**WORK INSTRUCTIONS:**
Of the lines in the data below, count the ones holding the string "fixes", and answer with that number only.

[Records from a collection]
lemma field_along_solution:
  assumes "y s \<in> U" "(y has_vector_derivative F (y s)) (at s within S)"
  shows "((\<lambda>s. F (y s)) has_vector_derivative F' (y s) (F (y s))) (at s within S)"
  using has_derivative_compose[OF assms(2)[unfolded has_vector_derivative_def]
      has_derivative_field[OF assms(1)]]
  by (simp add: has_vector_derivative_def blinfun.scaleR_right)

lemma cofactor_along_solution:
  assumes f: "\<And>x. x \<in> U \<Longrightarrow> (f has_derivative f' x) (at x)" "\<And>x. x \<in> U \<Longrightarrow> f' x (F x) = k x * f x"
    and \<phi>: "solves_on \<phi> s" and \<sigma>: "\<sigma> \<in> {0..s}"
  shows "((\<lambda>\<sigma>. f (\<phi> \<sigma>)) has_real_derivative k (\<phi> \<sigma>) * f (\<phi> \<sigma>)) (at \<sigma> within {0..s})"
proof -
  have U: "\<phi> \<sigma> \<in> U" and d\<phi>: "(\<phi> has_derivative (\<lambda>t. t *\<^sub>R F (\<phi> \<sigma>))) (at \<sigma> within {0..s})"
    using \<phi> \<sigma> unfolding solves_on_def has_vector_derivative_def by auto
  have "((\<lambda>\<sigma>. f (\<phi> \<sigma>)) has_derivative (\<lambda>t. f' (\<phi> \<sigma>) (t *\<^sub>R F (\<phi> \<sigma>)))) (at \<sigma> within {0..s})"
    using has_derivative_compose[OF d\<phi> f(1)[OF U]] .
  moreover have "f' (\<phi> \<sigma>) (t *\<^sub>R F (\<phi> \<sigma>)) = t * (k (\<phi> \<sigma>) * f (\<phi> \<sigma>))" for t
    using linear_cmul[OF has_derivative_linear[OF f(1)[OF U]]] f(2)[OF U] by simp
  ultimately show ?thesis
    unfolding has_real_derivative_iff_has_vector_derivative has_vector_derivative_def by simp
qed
---
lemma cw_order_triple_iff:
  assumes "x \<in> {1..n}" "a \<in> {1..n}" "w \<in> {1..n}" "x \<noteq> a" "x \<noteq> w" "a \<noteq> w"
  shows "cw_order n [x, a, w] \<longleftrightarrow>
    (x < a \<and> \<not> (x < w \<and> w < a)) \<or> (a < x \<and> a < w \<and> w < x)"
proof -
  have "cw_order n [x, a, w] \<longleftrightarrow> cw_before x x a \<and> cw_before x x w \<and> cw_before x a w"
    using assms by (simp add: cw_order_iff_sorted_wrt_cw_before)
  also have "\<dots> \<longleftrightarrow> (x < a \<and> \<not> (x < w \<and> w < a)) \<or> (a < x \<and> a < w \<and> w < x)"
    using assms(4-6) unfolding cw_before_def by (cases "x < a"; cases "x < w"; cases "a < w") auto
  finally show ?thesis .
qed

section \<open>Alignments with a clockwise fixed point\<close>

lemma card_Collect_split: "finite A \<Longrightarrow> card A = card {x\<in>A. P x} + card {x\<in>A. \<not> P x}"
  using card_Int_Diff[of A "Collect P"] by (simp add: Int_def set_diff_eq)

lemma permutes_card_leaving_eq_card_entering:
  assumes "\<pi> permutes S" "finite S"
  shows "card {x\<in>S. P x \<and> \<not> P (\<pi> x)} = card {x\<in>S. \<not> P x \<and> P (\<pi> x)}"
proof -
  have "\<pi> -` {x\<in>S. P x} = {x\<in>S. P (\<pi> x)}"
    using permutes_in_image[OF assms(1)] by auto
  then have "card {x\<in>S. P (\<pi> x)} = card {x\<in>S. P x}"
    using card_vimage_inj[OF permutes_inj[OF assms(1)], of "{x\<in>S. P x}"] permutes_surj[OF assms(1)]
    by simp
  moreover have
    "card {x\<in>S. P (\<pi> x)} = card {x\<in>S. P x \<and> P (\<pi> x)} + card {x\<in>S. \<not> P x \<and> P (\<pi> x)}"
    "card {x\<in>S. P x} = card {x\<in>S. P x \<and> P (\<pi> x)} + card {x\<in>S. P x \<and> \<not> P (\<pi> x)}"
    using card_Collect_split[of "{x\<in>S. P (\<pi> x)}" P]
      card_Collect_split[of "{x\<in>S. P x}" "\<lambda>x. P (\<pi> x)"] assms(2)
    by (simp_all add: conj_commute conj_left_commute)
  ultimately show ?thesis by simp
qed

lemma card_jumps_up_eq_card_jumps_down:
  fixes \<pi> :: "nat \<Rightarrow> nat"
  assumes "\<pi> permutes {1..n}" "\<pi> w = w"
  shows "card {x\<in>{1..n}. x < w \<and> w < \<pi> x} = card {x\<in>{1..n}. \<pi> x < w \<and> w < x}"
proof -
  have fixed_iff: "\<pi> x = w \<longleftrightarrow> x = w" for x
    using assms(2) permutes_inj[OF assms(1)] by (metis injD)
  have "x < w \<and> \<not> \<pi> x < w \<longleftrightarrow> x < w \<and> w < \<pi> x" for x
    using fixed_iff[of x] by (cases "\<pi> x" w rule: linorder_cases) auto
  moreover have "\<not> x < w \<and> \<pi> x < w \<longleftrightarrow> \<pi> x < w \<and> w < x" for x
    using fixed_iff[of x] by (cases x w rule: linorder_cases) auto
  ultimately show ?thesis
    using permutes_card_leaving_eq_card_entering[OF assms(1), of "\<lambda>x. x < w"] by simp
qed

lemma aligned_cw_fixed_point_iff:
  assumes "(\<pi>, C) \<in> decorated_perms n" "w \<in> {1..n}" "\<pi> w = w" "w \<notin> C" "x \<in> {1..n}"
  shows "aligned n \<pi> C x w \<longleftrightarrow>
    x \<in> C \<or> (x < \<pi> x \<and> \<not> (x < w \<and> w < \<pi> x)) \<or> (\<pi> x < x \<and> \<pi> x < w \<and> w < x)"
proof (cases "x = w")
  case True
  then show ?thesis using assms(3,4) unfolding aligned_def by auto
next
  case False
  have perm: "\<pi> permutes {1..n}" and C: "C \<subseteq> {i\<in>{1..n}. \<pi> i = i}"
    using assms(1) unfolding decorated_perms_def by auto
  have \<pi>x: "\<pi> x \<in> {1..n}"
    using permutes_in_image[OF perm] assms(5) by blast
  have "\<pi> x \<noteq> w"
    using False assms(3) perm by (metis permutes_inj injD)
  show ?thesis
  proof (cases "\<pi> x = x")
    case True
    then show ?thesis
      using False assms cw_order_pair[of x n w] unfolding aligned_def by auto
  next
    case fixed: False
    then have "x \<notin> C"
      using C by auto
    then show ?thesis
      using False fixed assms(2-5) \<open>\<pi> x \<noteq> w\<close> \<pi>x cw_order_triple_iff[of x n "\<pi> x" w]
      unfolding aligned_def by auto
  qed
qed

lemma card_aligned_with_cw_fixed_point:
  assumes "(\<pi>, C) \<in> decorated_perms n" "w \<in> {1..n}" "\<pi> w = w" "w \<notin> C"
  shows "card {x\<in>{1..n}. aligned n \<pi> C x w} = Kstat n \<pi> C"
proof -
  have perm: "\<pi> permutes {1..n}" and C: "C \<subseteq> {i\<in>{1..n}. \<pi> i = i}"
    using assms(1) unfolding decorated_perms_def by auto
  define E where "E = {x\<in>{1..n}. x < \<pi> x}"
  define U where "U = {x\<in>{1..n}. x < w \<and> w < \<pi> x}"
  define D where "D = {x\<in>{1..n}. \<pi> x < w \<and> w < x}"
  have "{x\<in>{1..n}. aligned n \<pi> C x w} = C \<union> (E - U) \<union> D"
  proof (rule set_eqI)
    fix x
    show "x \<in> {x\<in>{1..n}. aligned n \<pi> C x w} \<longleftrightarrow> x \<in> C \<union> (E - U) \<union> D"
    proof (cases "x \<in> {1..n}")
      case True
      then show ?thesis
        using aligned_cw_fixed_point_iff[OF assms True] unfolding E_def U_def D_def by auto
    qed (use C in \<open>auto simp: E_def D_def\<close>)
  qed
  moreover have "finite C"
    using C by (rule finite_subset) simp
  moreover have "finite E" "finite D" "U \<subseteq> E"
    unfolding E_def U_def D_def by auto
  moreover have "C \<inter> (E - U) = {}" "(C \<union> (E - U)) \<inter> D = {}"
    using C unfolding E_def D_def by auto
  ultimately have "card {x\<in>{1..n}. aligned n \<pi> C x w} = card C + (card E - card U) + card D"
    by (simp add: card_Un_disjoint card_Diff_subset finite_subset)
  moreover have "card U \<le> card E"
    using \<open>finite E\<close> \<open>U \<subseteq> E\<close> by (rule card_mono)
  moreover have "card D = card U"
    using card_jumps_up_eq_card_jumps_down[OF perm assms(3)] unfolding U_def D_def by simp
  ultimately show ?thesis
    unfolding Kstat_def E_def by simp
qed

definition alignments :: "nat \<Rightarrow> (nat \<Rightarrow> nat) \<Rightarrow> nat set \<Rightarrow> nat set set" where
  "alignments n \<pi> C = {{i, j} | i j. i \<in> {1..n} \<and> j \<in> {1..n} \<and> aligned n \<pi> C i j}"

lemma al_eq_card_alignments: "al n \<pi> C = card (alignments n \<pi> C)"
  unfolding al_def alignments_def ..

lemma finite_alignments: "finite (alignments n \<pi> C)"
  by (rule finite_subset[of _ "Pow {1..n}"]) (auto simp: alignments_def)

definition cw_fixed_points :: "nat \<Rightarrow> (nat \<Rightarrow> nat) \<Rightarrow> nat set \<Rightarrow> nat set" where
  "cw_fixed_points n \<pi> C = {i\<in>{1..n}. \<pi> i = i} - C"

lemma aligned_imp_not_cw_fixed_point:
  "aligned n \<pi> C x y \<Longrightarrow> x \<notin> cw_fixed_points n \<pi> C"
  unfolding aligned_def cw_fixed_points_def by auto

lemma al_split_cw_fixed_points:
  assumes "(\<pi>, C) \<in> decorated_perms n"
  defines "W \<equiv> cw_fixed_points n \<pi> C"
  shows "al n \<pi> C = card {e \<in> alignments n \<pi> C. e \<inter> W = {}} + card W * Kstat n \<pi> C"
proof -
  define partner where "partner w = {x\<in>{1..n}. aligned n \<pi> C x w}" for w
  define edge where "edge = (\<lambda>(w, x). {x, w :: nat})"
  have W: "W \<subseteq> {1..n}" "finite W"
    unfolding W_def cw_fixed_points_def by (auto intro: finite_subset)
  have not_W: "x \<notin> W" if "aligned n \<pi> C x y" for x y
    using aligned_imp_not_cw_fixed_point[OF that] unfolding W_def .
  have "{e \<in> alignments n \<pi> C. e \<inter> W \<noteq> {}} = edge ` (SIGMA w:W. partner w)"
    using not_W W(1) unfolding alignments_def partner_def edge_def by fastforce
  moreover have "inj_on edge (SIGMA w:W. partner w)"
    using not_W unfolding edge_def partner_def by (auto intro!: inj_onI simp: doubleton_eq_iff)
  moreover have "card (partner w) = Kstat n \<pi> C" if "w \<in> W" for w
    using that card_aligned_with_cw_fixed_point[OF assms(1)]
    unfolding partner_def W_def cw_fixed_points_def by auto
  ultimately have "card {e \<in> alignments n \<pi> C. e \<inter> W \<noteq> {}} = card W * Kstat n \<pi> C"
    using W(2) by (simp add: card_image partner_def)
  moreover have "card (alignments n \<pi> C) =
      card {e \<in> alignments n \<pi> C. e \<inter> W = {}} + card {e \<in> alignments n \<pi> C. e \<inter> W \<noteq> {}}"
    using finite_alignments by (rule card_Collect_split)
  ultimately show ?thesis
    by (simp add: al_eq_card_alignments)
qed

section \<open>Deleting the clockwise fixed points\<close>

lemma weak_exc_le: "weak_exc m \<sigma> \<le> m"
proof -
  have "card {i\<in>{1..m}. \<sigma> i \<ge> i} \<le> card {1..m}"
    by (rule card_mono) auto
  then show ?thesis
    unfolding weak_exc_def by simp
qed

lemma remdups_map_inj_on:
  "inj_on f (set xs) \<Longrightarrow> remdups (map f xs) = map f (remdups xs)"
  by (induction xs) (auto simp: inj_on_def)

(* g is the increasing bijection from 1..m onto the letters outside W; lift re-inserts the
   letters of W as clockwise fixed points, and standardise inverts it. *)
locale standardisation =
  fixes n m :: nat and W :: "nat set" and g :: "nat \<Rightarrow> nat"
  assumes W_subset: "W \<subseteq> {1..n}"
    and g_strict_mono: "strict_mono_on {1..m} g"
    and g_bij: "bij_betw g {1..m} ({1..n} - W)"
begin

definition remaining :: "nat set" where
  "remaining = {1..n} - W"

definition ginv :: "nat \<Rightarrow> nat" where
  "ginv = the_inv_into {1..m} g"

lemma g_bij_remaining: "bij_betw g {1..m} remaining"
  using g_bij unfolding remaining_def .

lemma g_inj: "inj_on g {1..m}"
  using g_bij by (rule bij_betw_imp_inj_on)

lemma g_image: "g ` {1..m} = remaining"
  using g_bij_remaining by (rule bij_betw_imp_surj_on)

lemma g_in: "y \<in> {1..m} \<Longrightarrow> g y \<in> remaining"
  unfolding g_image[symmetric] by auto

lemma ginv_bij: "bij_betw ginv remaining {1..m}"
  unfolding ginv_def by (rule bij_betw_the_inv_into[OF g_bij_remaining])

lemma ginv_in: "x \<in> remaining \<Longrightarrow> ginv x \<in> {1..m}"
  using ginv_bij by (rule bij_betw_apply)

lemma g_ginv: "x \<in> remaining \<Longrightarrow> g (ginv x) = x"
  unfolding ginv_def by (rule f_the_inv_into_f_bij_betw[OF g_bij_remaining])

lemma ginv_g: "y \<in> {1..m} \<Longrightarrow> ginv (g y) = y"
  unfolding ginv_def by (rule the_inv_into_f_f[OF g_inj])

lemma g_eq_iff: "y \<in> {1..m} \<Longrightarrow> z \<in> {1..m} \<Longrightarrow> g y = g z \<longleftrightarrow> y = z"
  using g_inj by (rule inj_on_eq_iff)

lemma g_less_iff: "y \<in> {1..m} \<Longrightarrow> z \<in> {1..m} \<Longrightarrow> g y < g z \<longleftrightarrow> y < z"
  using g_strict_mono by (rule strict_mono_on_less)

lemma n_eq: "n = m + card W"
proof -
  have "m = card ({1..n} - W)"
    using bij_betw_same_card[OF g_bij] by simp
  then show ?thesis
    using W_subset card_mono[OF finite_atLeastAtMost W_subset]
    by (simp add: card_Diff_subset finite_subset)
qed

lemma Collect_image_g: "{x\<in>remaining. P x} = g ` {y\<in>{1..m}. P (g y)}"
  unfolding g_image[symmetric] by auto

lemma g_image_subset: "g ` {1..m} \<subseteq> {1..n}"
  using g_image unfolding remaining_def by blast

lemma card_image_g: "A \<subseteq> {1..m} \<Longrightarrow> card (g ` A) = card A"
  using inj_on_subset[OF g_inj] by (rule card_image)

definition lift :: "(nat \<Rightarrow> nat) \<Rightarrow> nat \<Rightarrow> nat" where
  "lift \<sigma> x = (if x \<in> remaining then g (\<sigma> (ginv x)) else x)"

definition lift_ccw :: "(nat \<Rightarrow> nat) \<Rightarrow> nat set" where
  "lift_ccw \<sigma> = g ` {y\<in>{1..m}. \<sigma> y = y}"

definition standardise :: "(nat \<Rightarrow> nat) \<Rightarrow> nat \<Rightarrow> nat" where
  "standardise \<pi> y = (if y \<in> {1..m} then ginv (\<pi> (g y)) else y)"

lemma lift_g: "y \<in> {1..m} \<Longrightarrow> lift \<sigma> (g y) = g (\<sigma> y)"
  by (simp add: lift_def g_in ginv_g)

**TASK RESULT:**
2